TL;DR
- Post-training INT4 weight-only quantisation method introduced in Lin et al., 'AWQ: Activation-aware Weight Quantization for LLM Compression and Acceleration' (arXiv:2306.00978, 2023, MIT-HAN Lab).
- Core observation: across Transformer layers, roughly the top 1 percent of weight channels (by activation magnitude) carry the bulk of output quality. Apply a per-channel scaling that preserves precision on those channels and the rest can be quantised aggressively to INT4 with near-zero perplexity loss.
- Storage is INT4 weight + FP16 group scale (group size 128 is the de facto default); activations remain in FP16/BF16. Inference is mixed-precision matmul — dequant on the fly against FP16 activations through a fused INT4xFP16 GEMM kernel.
- Generally beats GPTQ on raw inference throughput at the same bit budget (no Hessian-derived ordering, simpler memory layout, kernel-friendly) and ties or slightly wins on perplexity on Llama, Qwen and Mistral.
- Supported as a first-class quantisation backend in vLLM (`--quantization awq` / `awq_marlin`), TensorRT-LLM, Hugging Face TGI, SGLang, MLC-LLM, ExLlamaV2; default INT4 format on Yobitel's Yobibyte Marketplace recipes for Llama, Qwen and Mistral when TTFT and tokens/sec dominate the workspace SLO.
Overview#
AWQ — Activation-aware Weight Quantisation — was published by Lin, Tang, Tang, Yang, Xiao and Han (MIT-HAN Lab) in June 2023 and has since become the most widely deployed INT4 method for open-weights LLM inference. The technique sidesteps the per-column Hessian error correction that defines GPTQ in favour of a cheaper, empirical reframing: it asks which weight channels carry the activation mass that actually matters for output quality, then protects those channels through a per-channel scaling absorbed back into the preceding layer.
The reframing matters at a systems level because it produces a quantisation layout that maps cleanly onto fused INT4xFP16 GEMM kernels — no irregular per-column scaling, no Cholesky-derived ordering, just INT4 weights with per-group FP16 scales. That regularity is what lets vLLM, TensorRT-LLM, SGLang and TGI all converge on the same AWQ kernel path, and what makes AWQ INT4 the throughput-favoured default on Ampere (A100) and Hopper (H100/H200) when FP8 hardware is unavailable or memory pressure demands 4-bit.
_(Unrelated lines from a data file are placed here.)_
lemma moment_rescale:
  assumes "\<epsilon> > 0"
  shows "moment (rescale \<epsilon> \<phi>) i = \<epsilon> ^ i * moment \<phi> i"
  using lborel_integral_real_affine[of \<epsilon> "\<lambda>y. y ^ i * rescale \<epsilon> \<phi> y" 0] assms
  by (simp add: moment_def rescale_moment_integrand)

lemma moment_odd_eq_0:
  assumes "\<And>x. g (- x) = g x" and "odd i"
  shows "moment g i = 0"
proof -
  have "moment g i = (\<integral>x. (- x) ^ i * g (- x) \<partial>lborel)"
    using lborel_integral_real_affine[of "-1" "\<lambda>y. y ^ i * g y" 0] by (simp add: moment_def)
  also have "\<dots> = - moment g i"
    using assms by (simp add: moment_def)
  finally show ?thesis
    by simp
qed

lemma schwartz_M_moment_0:
  assumes "schwartz_M \<phi>"
  shows "moment \<phi> 0 = 1"
proof -
  have "integrable lborel \<phi>"
    using schwartz_integrable_moment[of \<phi> 0] assms by (simp add: schwartz_M_def)
  then have "(\<phi> has_integral (\<integral>x. \<phi> x \<partial>lborel)) UNIV"
    by (rule has_integral_integral_lborel)
  moreover have "(\<phi> has_integral 1) UNIV"
    using assms by (simp add: schwartz_M_def)
  ultimately show ?thesis
    unfolding moment_def by (simp add: has_integral_unique)
qed

lemma conv_eq_lborel:
  "integrable lborel (\<lambda>y. f (x - y) * g y) \<Longrightarrow> conv f g x = (\<integral>y. f (x - y) * g y \<partial>lborel)"
  by (simp add: conv_def integral_unique has_integral_integral_lborel)

lemma conv_lincomb:
  assumes "\<And>x. integrable lborel (\<lambda>y. f (x - y) * g y)" "\<And>x. integrable lborel (\<lambda>y. h (x - y) * g y)"
  shows "conv (\<lambda>x. a * f x + b * h x) g = (\<lambda>x. a * conv f g x + b * conv h g x)"
proof
  fix x
  have "(\<lambda>y. (a * f (x - y) + b * h (x - y)) * g y) = (\<lambda>y. a * (f (x - y) * g y) + b * (h (x - y) * g y))"
    by (simp add: fun_eq_iff algebra_simps)
  then show "conv (\<lambda>x. a * f x + b * h x) g x = a * conv f g x + b * conv h g x"
    using assms by (simp add: conv_eq_lborel)
qed

lemma conv_sum:
  assumes "finite I" "\<And>i x. i \<in> I \<Longrightarrow> integrable lborel (\<lambda>y. f i (x - y) * g y)"
  shows "conv (\<lambda>x. \<Sum>i\<in>I. c i * f i x) g = (\<lambda>x. \<Sum>i\<in>I. c i * conv (f i) g x)"
proof
  fix x
  have "(\<lambda>y. (\<Sum>i\<in>I. c i * f i (x - y)) * g y) = (\<lambda>y. \<Sum>i\<in>I. c i * (f i (x - y) * g y))"
    by (simp add: fun_eq_iff sum_distrib_right mult.assoc)
  then show "conv (\<lambda>x. \<Sum>i\<in>I. c i * f i x) g x = (\<Sum>i\<in>I. c i * conv (f i) g x)"
    using assms by (simp add: conv_eq_lborel)
qed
Through mid-2026, AWQ INT4 retains roughly 99 percent of BF16 perplexity on standard suites (WikiText-2, C4) for Llama 3.1 70B, Qwen 3 72B and Mistral Large 2, while halving inference memory footprint relative to BF16. The footprint reduction is what makes single-H100 80GB serving of a 70B class model practical at all — 140 GB BF16 collapses to roughly 35 GB INT4 weights, leaving 40+ GB for KV cache and activations.
This entry helps you decide when AWQ is the right INT4 method versus GPTQ, FP8 or FP4, how to produce AWQ checkpoints with AutoAWQ for self-hosted serving, and how to size a fleet that consumes the Yobitel Yobibyte Marketplace recipes that default to AWQ INT4 on Yobitel NeoCloud capacity. After reading you should be able to predict the throughput-versus-quality envelope for an AWQ deployment without running a benchmark.
How it works: the activation-aware scaling derivation#
Naive round-to-nearest INT4 quantisation of a Transformer linear layer wipes out the small but high-importance subset of weight channels that carry most of the activation magnitude. Lin et al. observed that this subset is concentrated in roughly 1 percent of channels per layer, and that protecting them is sufficient to recover most of the accuracy lost. The naive 'keep those channels in FP16' approach works but breaks the regularity that GEMM kernels need — mixed-format storage is slow.
AWQ's contribution is a way to protect those channels without mixed storage. For each channel c with activation scale s_c, multiply the weight column by s_c before quantising, and divide the preceding layer's output (the activation feeding into c) by s_c. The mathematical behaviour is unchanged, but the quantisation step now rounds a larger value to INT4, preserving more relative precision on the channels that need it. The scaling factors s are derived from a small calibration set (~128 samples typically) by minimising the activation-weighted L2 error between the original and quantised outputs of each layer.
The calibration is done one layer at a time, in topological order, so each layer's scaling factor sees the quantisation error already introduced upstream. Unlike GPTQ, which propagates error column by column within a layer through the inverse Hessian, AWQ propagates error layer by layer through forward activations. The cost is one forward pass over the calibration set per layer; for a 70B model on a single H100 that takes roughly 20 minutes.
- Step 1: run the calibration set through the model and collect per-channel activation magnitude statistics (mean absolute activation per input channel) for every linear layer.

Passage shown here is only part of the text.